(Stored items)
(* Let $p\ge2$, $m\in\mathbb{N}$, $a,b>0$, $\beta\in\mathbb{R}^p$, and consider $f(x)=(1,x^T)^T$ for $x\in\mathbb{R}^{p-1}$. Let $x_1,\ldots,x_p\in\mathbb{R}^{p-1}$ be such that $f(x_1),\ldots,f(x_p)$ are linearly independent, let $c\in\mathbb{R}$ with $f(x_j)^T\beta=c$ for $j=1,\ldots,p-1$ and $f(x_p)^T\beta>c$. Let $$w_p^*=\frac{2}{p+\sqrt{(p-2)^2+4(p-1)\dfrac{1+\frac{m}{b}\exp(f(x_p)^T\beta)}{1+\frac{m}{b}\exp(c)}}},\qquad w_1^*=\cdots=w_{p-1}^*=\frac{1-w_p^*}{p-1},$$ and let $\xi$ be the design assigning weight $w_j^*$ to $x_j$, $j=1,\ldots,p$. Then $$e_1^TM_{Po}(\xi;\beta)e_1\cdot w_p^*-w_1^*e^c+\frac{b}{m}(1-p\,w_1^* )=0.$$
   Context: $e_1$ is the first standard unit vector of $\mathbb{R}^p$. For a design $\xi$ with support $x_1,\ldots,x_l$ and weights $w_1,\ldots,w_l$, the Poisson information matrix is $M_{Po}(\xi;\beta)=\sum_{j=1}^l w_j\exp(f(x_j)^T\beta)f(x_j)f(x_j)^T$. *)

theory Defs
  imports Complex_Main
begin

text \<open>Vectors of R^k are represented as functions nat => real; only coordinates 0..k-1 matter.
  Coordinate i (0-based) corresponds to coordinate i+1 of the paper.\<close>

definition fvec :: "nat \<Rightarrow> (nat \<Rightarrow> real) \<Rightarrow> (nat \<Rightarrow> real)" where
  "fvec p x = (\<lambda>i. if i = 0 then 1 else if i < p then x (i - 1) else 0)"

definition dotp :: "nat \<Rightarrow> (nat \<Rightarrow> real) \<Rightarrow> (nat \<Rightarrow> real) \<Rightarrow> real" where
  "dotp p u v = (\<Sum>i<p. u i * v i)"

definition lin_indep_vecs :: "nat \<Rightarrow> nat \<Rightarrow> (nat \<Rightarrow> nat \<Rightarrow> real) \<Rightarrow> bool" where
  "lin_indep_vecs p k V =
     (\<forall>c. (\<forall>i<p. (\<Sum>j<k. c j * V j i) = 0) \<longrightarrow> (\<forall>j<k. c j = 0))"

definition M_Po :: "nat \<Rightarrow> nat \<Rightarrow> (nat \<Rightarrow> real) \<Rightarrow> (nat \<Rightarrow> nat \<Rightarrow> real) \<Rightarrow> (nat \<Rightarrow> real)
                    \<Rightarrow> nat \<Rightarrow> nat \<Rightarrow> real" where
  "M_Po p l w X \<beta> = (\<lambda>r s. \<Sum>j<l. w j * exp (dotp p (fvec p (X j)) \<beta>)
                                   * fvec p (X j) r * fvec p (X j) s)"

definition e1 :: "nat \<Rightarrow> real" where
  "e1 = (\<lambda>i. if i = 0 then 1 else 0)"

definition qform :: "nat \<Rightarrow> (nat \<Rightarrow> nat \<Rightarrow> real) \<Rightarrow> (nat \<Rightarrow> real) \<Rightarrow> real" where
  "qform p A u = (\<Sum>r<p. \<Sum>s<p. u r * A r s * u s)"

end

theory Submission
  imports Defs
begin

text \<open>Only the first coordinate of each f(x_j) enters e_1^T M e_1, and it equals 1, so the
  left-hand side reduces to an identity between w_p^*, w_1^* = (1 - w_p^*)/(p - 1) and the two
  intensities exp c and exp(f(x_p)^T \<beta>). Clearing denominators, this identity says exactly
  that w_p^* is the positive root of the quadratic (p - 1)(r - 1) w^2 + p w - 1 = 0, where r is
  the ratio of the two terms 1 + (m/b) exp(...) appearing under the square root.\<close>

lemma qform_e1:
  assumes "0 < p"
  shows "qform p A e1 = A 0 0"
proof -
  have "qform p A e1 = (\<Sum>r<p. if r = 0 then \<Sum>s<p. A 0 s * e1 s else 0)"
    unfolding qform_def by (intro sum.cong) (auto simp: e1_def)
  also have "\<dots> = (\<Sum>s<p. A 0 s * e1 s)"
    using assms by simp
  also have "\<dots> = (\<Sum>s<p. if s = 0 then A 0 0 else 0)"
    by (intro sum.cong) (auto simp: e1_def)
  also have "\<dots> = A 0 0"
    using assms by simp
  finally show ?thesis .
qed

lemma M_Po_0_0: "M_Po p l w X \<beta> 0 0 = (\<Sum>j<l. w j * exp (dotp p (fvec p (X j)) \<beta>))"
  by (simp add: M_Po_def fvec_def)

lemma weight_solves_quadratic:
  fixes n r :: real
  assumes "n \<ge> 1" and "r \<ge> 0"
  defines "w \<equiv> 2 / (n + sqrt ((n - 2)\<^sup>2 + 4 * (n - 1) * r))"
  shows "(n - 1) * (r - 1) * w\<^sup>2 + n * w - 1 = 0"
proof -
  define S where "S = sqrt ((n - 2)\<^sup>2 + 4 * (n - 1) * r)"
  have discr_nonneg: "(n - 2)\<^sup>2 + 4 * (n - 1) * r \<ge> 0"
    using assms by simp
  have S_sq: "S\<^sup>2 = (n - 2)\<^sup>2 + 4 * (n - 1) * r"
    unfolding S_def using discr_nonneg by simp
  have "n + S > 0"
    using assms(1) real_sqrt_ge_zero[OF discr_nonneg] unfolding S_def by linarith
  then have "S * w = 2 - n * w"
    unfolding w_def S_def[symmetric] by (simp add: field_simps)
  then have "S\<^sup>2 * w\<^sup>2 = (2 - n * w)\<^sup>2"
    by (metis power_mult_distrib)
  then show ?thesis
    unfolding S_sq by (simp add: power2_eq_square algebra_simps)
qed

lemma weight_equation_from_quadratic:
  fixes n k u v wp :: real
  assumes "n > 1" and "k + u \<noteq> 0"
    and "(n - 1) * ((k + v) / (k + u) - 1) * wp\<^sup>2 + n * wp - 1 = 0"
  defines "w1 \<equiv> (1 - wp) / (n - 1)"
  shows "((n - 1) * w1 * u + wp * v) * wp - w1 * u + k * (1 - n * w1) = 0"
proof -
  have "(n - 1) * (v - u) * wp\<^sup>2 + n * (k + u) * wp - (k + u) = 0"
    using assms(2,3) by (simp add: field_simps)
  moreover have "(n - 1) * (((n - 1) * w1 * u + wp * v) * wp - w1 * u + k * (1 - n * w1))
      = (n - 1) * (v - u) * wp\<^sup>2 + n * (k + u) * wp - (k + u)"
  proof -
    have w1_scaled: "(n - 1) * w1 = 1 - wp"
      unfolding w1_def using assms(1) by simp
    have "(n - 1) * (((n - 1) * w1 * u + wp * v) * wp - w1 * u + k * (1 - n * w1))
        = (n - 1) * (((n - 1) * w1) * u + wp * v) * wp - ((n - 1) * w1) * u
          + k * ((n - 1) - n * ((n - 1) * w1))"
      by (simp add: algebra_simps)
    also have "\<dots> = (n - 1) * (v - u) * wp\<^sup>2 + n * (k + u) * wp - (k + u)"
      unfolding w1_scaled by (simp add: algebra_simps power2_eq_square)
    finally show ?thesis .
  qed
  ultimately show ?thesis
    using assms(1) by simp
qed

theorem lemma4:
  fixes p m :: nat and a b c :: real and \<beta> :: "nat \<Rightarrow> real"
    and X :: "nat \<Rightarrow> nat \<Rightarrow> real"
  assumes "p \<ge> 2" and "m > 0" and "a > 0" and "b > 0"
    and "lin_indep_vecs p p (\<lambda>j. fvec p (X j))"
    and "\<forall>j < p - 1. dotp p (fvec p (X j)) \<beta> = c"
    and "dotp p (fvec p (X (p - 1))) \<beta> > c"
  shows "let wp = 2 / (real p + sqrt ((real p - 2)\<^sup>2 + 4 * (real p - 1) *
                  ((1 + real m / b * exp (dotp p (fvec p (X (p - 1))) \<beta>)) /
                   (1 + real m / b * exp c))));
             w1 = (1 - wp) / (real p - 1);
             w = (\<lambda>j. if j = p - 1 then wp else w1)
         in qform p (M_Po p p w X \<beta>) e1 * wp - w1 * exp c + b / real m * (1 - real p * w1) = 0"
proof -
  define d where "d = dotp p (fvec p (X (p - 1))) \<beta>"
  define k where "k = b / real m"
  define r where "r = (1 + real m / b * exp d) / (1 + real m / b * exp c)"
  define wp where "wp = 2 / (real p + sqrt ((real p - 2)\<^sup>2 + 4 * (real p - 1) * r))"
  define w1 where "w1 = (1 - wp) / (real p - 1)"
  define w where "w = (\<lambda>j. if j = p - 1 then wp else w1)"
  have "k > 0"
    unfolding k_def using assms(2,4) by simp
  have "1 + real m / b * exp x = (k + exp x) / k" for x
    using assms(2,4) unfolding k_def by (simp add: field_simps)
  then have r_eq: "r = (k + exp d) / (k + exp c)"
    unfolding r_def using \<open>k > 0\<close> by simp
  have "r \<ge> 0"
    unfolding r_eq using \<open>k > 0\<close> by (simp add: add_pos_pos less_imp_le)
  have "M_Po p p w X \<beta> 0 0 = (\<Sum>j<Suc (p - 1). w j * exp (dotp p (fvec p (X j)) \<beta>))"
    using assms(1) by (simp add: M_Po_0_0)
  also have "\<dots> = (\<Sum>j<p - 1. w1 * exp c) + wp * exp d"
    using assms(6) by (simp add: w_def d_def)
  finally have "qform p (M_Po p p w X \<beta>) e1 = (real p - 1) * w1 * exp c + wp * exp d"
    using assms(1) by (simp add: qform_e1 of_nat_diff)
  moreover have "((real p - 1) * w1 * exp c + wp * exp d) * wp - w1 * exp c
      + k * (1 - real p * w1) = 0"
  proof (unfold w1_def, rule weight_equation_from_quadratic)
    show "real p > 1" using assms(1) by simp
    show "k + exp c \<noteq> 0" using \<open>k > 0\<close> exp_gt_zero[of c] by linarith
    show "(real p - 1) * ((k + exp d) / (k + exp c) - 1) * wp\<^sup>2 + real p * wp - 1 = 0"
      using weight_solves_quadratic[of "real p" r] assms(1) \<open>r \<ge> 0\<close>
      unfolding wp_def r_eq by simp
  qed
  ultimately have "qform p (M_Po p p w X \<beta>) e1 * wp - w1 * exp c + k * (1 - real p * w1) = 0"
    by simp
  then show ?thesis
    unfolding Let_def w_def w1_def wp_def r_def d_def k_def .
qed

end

# Exercise directions
Could you reproduce exactly the lines of the entries above, from the one with "define w1 where" through the one with "using assms(6) by (simp add: w_def d_def)", and nothing else?

# Solution for this task
  define w1 where "w1 = (1 - wp) / (real p - 1)"
  define w where "w = (\<lambda>j. if j = p - 1 then wp else w1)"
  have "k > 0"
    unfolding k_def using assms(2,4) by simp
  have "1 + real m / b * exp x = (k + exp x) / k" for x
    using assms(2,4) unfolding k_def by (simp add: field_simps)
  then have r_eq: "r = (k + exp d) / (k + exp c)"
    unfolding r_def using \<open>k > 0\<close> by simp
  have "r \<ge> 0"
    unfolding r_eq using \<open>k > 0\<close> by (simp add: add_pos_pos less_imp_le)
  have "M_Po p p w X \<beta> 0 0 = (\<Sum>j<Suc (p - 1). w j * exp (dotp p (fvec p (X j)) \<beta>))"
    using assms(1) by (simp add: M_Po_0_0)
  also have "\<dots> = (\<Sum>j<p - 1. w1 * exp c) + wp * exp d"
    using assms(6) by (simp add: w_def d_def)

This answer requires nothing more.